20. ## Curse of Dimensionality

Benchmark Six Sigma Expert View by Venugopal R When we want to study the relationship of an outcome based on one factor, like a simple linear regression, we would obtain a relationship model with a certain level of accuracy. If we enhance the model by adding another relevant factor (dimension), we can expect the accuracy of the prediction to increase. However, if we keep on increasing the number of dimensions, from a certain threshold onwards, we will see the accuracy would actually start decreasing, unless we keep increasing the quantum of data substantially. The term “Curse of Dimensionality” has been coined by Richard Bellman, an American Mathematician, while dealing with problems on Dynamic programming. While studying models of relationship for certain outcomes based on factors (referred to as dimension), the ability to establish statistical relationship becomes very difficult with the increase in the number of dimensions, unless we exponentially increase the amount of data. This phenomenon is of particular interest in the field of Machine Learning related Data Analysis. To illustrate this in simple terms let’s consider an example where the variation in Quality of a certain food is studied for varying temperature. The Quality is determined by applying a score for various levels of temperature. We obtain a scatter diagram as in figure-1 below: Now, we try to enhance the model by adding one more factor viz. Time, while the total number of samples remain unchanged. Since we have added one more dimension, we have to use a 3D scatter plot as in figure-2, to represent the relationship.

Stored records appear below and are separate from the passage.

(* Let $q,q',n$ be integers with $q'\ge 2q>3$ and $n>1$. Let $S$ be an $\mathcal{OS}_q(n)$ of period $m$ with ring sequence $[s_0,\ldots,s_{m-1}]$, and for $x\in\mathbb{Z}_q$ let $x'$ denote the class in $\mathbb{Z}_{q'}$ of the integer in $\{0,\ldots,q-1\}$ representing $x$. Define $t_i\in\mathbb{Z}_{q'}$ for $0\le i\le m-1$ by $t_i=(-1)^{i+m-1}s_i'$ if $s_i'\neq 0$ and $t_i=(-1)^{i+m-1}q$ if $s_i'=0$. Let $T'$ be the periodic sequence over $\mathbb{Z}_{q'}$ with ring sequence $[t_0,\ldots,t_{m-1},-t_0,\ldots,-t_{m-1}]$. Then $T'$ is an $\mathcal{SOS}_{q'}(n)$ and $w_{q'}(T')=0$.
   Context: For a periodic sequence $S=(s_i)$ over $\mathbb{Z}_q$ write $\mathbf{s}_n(i)=(s_i,\ldots,s_{i+n-1})$; $\mathbf{u}^R$ denotes the reverse of a tuple and $-\mathbf{u}$ its termwise negative. An $n$-window sequence of period $m$ satisfies $\mathbf{s}_n(i)=\mathbf{s}_n(j)\Rightarrow i\equiv j\pmod m$. An $\mathcal{OS}_q(n)$ is an $n$-window sequence with $\mathbf{s}_n(i)\neq\mathbf{s}_n(j)^R$ for all $i,j$; an $\mathcal{SOS}_q(n)$ is an $\mathcal{OS}_q(n)$ with also $\mathbf{s}_n(i)\neq-\mathbf{s}_n(j)^R$ for all $i,j$. The ring sequence of a sequence of period $m$ is one period. The weight $w(S)$ is the integer sum of one period with terms taken in $\{0,\ldots,q-1\}$; $w_q(S)=w(S)\bmod q$. *)

theory Defs
  imports Main
begin

text \<open>Elements of Z_q are represented by their canonical integer representatives
in {0..<q}. A periodic sequence over Z_q is a function nat => int with values
in {0..<q}.\<close>

definition window :: "(nat \<Rightarrow> int) \<Rightarrow> nat \<Rightarrow> nat \<Rightarrow> int list" where
  "window s n i = map (\<lambda>k. s (i + k)) [0..<n]"

definition neg_tuple :: "int \<Rightarrow> int list \<Rightarrow> int list" where
  "neg_tuple q u = map (\<lambda>x. (- x) mod q) u"

definition seq_over :: "int \<Rightarrow> nat \<Rightarrow> (nat \<Rightarrow> int) \<Rightarrow> bool" where
  "seq_over q m s \<longleftrightarrow> (\<forall>i. 0 \<le> s i \<and> s i < q) \<and> 0 < m \<and> (\<forall>i. s (i + m) = s i)"

definition n_window_seq :: "int \<Rightarrow> nat \<Rightarrow> nat \<Rightarrow> (nat \<Rightarrow> int) \<Rightarrow> bool" where
  "n_window_seq q n m s \<longleftrightarrow> seq_over q m s \<and>
     (\<forall>i j. window s n i = window s n j \<longrightarrow> i mod m = j mod m)"

definition OS :: "int \<Rightarrow> nat \<Rightarrow> nat \<Rightarrow> (nat \<Rightarrow> int) \<Rightarrow> bool" where
  "OS q n m s \<longleftrightarrow> n_window_seq q n m s \<and>
     (\<forall>i j. window s n i \<noteq> rev (window s n j))"

definition SOS :: "int \<Rightarrow> nat \<Rightarrow> nat \<Rightarrow> (nat \<Rightarrow> int) \<Rightarrow> bool" where
  "SOS q n m s \<longleftrightarrow> OS q n m s \<and>
     (\<forall>i j. window s n i \<noteq> neg_tuple q (rev (window s n j)))"

definition weight :: "nat \<Rightarrow> (nat \<Rightarrow> int) \<Rightarrow> int" where
  "weight m s = (\<Sum>i<m. s i)"

definition wq :: "int \<Rightarrow> nat \<Rightarrow> (nat \<Rightarrow> int) \<Rightarrow> int" where
  "wq q m s = weight m s mod q"

definition t_seq :: "int \<Rightarrow> int \<Rightarrow> nat \<Rightarrow> (nat \<Rightarrow> int) \<Rightarrow> nat \<Rightarrow> int" where
  "t_seq q q' m s i = ((-1) ^ (i + m - 1) * (if s i mod q' \<noteq> 0 then s i else q)) mod q'"

definition T_seq :: "int \<Rightarrow> int \<Rightarrow> nat \<Rightarrow> (nat \<Rightarrow> int) \<Rightarrow> nat \<Rightarrow> int" where
  "T_seq q q' m s i = (let k = i mod (2 * m) in
      if k < m then t_seq q q' m s k else (- t_seq q q' m s (k - m)) mod q')"
lemma lower_scaling_const_le_1:
  assumes nonzero: "(\<integral>\<^sup>+x. ennreal (\<rho> x) \<partial>lborel) \<noteq> 0"
    and lower_scaling: "\<And>lam \<theta>. 1 \<le> lam \<Longrightarrow> 0 \<le> \<theta> \<Longrightarrow> Cl * lam powr \<alpha> * levy_psi \<rho> \<theta> \<le> levy_psi \<rho> (lam * \<theta>)"
  shows "Cl \<le> 1"
proof (rule ccontr)
  assume "\<not> Cl \<le> 1"
  have "levy_psi \<rho> t = 0" if "0 \<le> t" for t
  proof -
    have "Cl * levy_psi \<rho> t \<le> levy_psi \<rho> t"
      using lower_scaling[of 1 t] that by simp
    then show ?thesis
      using \<open>\<not> Cl \<le> 1\<close> psi_nonneg[of t] mult_le_cancel_right1[of "levy_psi \<rho> t" Cl] by auto
  qed
  then have "AE x in lborel. ennreal (\<rho> x) = 0"
    using AE_density_zero_if_psi_zero by (auto elim: eventually_mono)
  then show False
    using nonzero by (simp add: nn_integral_0_iff_AE)
qed

lemma psi_le_of_lower_scaling:
  assumes lower_scaling: "\<And>lam \<theta>. 1 \<le> lam \<Longrightarrow> 0 \<le> \<theta> \<Longrightarrow> Cl * lam powr \<alpha> * levy_psi \<rho> \<theta> \<le> levy_psi \<rho> (lam * \<theta>)"
    and "0 < \<alpha>" "0 < Cl" "1 \<le> L" "0 < s" "0 \<le> t" "t \<le> 1 / s"
  shows "Cl * L powr \<alpha> * levy_psi \<rho> t \<le> levy_psi \<rho> (L / s)"
proof (cases "t = 0")
  case True
  then show ?thesis
    using psi_nonneg[of "L / s"] by (simp add: levy_psi_def)
next
  case False
  define lam where "lam = L / (s * t)"
  have "L \<le> lam"
    using assms False by (simp add: lam_def field_simps mult_left_le)
  then have "Cl * L powr \<alpha> * levy_psi \<rho> t \<le> Cl * lam powr \<alpha> * levy_psi \<rho> t"
    using assms psi_nonneg[of t] by (intro mult_right_mono mult_left_mono powr_mono2) auto
  also have "\<dots> \<le> levy_psi \<rho> (lam * t)"
    using lower_scaling \<open>L \<le> lam\<close> assms by simp
  also have "lam * t = L / s"
    using assms False by (simp add: lam_def)
  finally show ?thesis .
qed

lemma h_le_K_of_lower_scaling:
  assumes lower_scaling: "\<And>lam \<theta>. 1 \<le> lam \<Longrightarrow> 0 \<le> \<theta> \<Longrightarrow> Cl * lam powr \<alpha> * levy_psi \<rho> \<theta> \<le> levy_psi \<rho> (lam * \<theta>)"
    and "0 < \<alpha>" "0 < Cl" "Cl \<le> 1" "0 < s"
  shows "levy_h \<rho> s \<le> (2 / (Cl / pi\<^sup>2)) powr (2 / \<alpha>) * levy_K \<rho> s"
proof -
  define X where "X = 2 / (Cl / pi\<^sup>2)"
  define L where "L = X powr (1 / \<alpha>)"
  have "1 \<le> X"
    using assms pi_ge_two power_mono[OF pi_ge_two, of 2] by (simp add: X_def field_simps)
  then have "1 \<le> L" "L powr \<alpha> = X" "L\<^sup>2 = X powr (2 / \<alpha>)"
    using assms by (simp_all add: L_def ge_one_powr_ge_zero powr_powr flip: powr_realpow)
  have "levy_psi \<rho> t \<le> levy_psi \<rho> (L / s) / (Cl * X)" if "0 \<le> t" "t \<le> 1 / s" for t
    using psi_le_of_lower_scaling[OF lower_scaling assms(2,3) \<open>1 \<le> L\<close> assms(5) that]
      \<open>L powr \<alpha> = X\<close> \<open>0 < Cl\<close> \<open>1 \<le> X\<close> by (simp add: field_simps)
  then have "13/100 * levy_h \<rho> s \<le> levy_psi \<rho> (L / s) / (Cl * X)"
    using assms(5) by (rule h_le_of_psi_le[rotated])
  then have "13/100 * (2 * pi\<^sup>2) * levy_h \<rho> s \<le> L\<^sup>2 / 2 * levy_K \<rho> s + 2 * levy_h \<rho> s"
    using psi_le_K_h[OF \<open>0 < s\<close>, of L] assms by (simp add: X_def field_simps)
  moreover have "5/2 \<le> 13/100 * (2 * pi\<^sup>2)"
  proof -
    have "3.14 \<le> pi"
      using pi_approx by simp
    then show ?thesis
      using mult_mono[of "3.14" pi "3.14" pi] by (simp add: power2_eq_square)
  qed
  then have "5/2 * levy_h \<rho> s \<le> 13/100 * (2 * pi\<^sup>2) * levy_h \<rho> s"
    using h_nonneg by (rule mult_right_mono)
  ultimately have "levy_h \<rho> s \<le> L\<^sup>2 * levy_K \<rho> s"
    by linarith
  then show ?thesis
    using \<open>L\<^sup>2 = X powr (2 / \<alpha>)\<close> by (simp add: X_def)
qed

end

section \<open>Truncated densities\<close>

lemma borel_measurable_even_continuous_on_pos:
  fixes f :: "real \<Rightarrow> real"
  assumes "continuous_on {0<..} f" and even: "\<And>x. x \<noteq> 0 \<Longrightarrow> f (- x) = f x"
  shows "f \<in> borel_measurable borel"
proof -
  define g where "g x = indicator {0<..} x *\<^sub>R f x" for x :: real
  have [measurable]: "g \<in> borel_measurable borel"
    unfolding g_def by (rule borel_measurable_continuous_on_indicator) (simp_all add: assms(1))
  have "f = (\<lambda>x. if x = 0 then f 0 else g \<bar>x\<bar>)"
    using even by (auto simp: g_def abs_if)
  also have "\<dots> \<in> borel_measurable borel"
    by measurable
  finally show ?thesis .
qed

locale levy_truncation = levy_density \<nu> for \<nu> :: "real \<Rightarrow> real" +
  fixes m :: "real \<Rightarrow> real" and \<delta> :: real
  assumes delta_pos: "0 < \<delta>"
    and borel_measurable_truncation [measurable]: "m \<in> borel_measurable borel"
    and truncation_bounds: "\<And>x. x \<noteq> 0 \<Longrightarrow> 0 \<le> m x \<and> m x \<le> \<nu> x"
    and truncation_eq: "\<And>x. x \<noteq> 0 \<Longrightarrow> \<bar>x\<bar> \<le> \<delta> \<Longrightarrow> m x = \<nu> x"
    and truncation_zero: "\<And>x. 2 * \<delta> \<le> \<bar>x\<bar> \<Longrightarrow> m x = 0"
begin

sublocale truncation: levy_density m
proof
  show "AE x in lborel. 0 \<le> m x"
    using AE_lborel_singleton[of 0] by eventually_elim (simp add: truncation_bounds)
  show "integrable lborel (\<lambda>x. min (x\<^sup>2) 1 * m x)"
  proof (rule Bochner_Integration.integrable_bound[OF integrable_levy])
    show "AE x in lborel. norm (min (x\<^sup>2) 1 * m x) \<le> norm (min (x\<^sup>2) 1 * \<nu> x)"
      using AE_lborel_singleton[of 0]
      by eventually_elim (auto simp: abs_mult dest: truncation_bounds intro!: mult_left_mono)
  qed simp
qed simp

lemma h_truncation_le:
  assumes "0 < r"
  shows "levy_h m r \<le> levy_h \<nu> r"
  unfolding levy_h_def
proof (rule integral_mono_AE[OF truncation.integrable_h[OF assms] integrable_h[OF assms]])
  show "AE x in lborel. min 1 (x\<^sup>2 / r\<^sup>2) * m x \<le> min 1 (x\<^sup>2 / r\<^sup>2) * \<nu> x"
    using AE_lborel_singleton[of 0]
    by eventually_elim (simp add: truncation_bounds mult_left_mono)
qed

lemma K_truncation_eq:
  assumes "r \<le> \<delta>"
  shows "levy_K m r = levy_K \<nu> r"
  unfolding levy_K_eq_integral
  using AE_lborel_singleton[of 0] assms
  by (intro integral_cong_AE) (auto simp: truncation_eq indicator_def)

lemma h_truncation_eq_K:
  assumes "2 * \<delta> \<le> r"
  shows "levy_h m r = levy_K m r"
  unfolding levy_h_def levy_K_eq_integral
proof (rule Bochner_Integration.integral_cong[OF refl])
  fix x :: real
  show "min 1 (x\<^sup>2 / r\<^sup>2) * m x = indicator {x. \<bar>x\<bar> \<le> r} x * (x\<^sup>2 / r\<^sup>2) * m x"
    using assms delta_pos truncation_zero[of x] by (simp add: min_one_sq_div_sq)
qed

lemma h_le_K_truncation:
  assumes key: "\<And>s. 0 < s \<Longrightarrow> levy_h \<nu> s \<le> c * levy_K \<nu> s" and "0 \<le> c" "0 < r"
  shows "levy_h \<nu> r \<le> c * (max (r\<^sup>2) (\<delta>\<^sup>2) / \<delta>\<^sup>2) * levy_K m r"
proof (cases "r \<le> \<delta>")
  case True
  then have "max (r\<^sup>2) (\<delta>\<^sup>2) = \<delta>\<^sup>2"
    using assms by (simp add: power_mono)
  then show ?thesis
    using key[OF \<open>0 < r\<close>] K_truncation_eq[OF True] delta_pos by simp
next
  case False
  then have "max (r\<^sup>2) (\<delta>\<^sup>2) = r\<^sup>2"
    using delta_pos by (simp add: power_mono)
  have "levy_h \<nu> r \<le> levy_h \<nu> \<delta>"
    using False delta_pos by (intro h_antimono) auto
  also have "\<dots> \<le> c * levy_K m \<delta>"
    using key[OF delta_pos] K_truncation_eq[of \<delta>] by simp
  also have "\<dots> \<le> c * (r\<^sup>2 / \<delta>\<^sup>2 * levy_K m r)"
    using truncation.sq_mult_K_mono[OF delta_pos, of r] False delta_pos \<open>0 \<le> c\<close>
    by (intro mult_left_mono) (simp_all add: field_simps)
  finally show ?thesis
    using \<open>max (r\<^sup>2) (\<delta>\<^sup>2) = r\<^sup>2\<close> by (simp add: mult.assoc)
qed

In figure-1, when it was a two dimensional model, we could observe that the points were quite dense and a regression line is fitted with apparently low residuals. Figure-2 represents the 3D regression with an addition factor ‘Time’ was included, all other data remaining the same. The space of the scatter diagram becomes a cube, and we can observe that the data points have changed from a ‘dense’ pattern to a more ‘sparse’ pattern. If we continue to include more dimensions for the same sample size, the representation is more complex, but the ‘sparseness’ of the data will increase making it difficult to obtain an accurate prediction from the model. Understanding the ‘Curse of Dimensionality’ is crucial while planning the number of dimensions and the volumes for an effective machine learning exercise.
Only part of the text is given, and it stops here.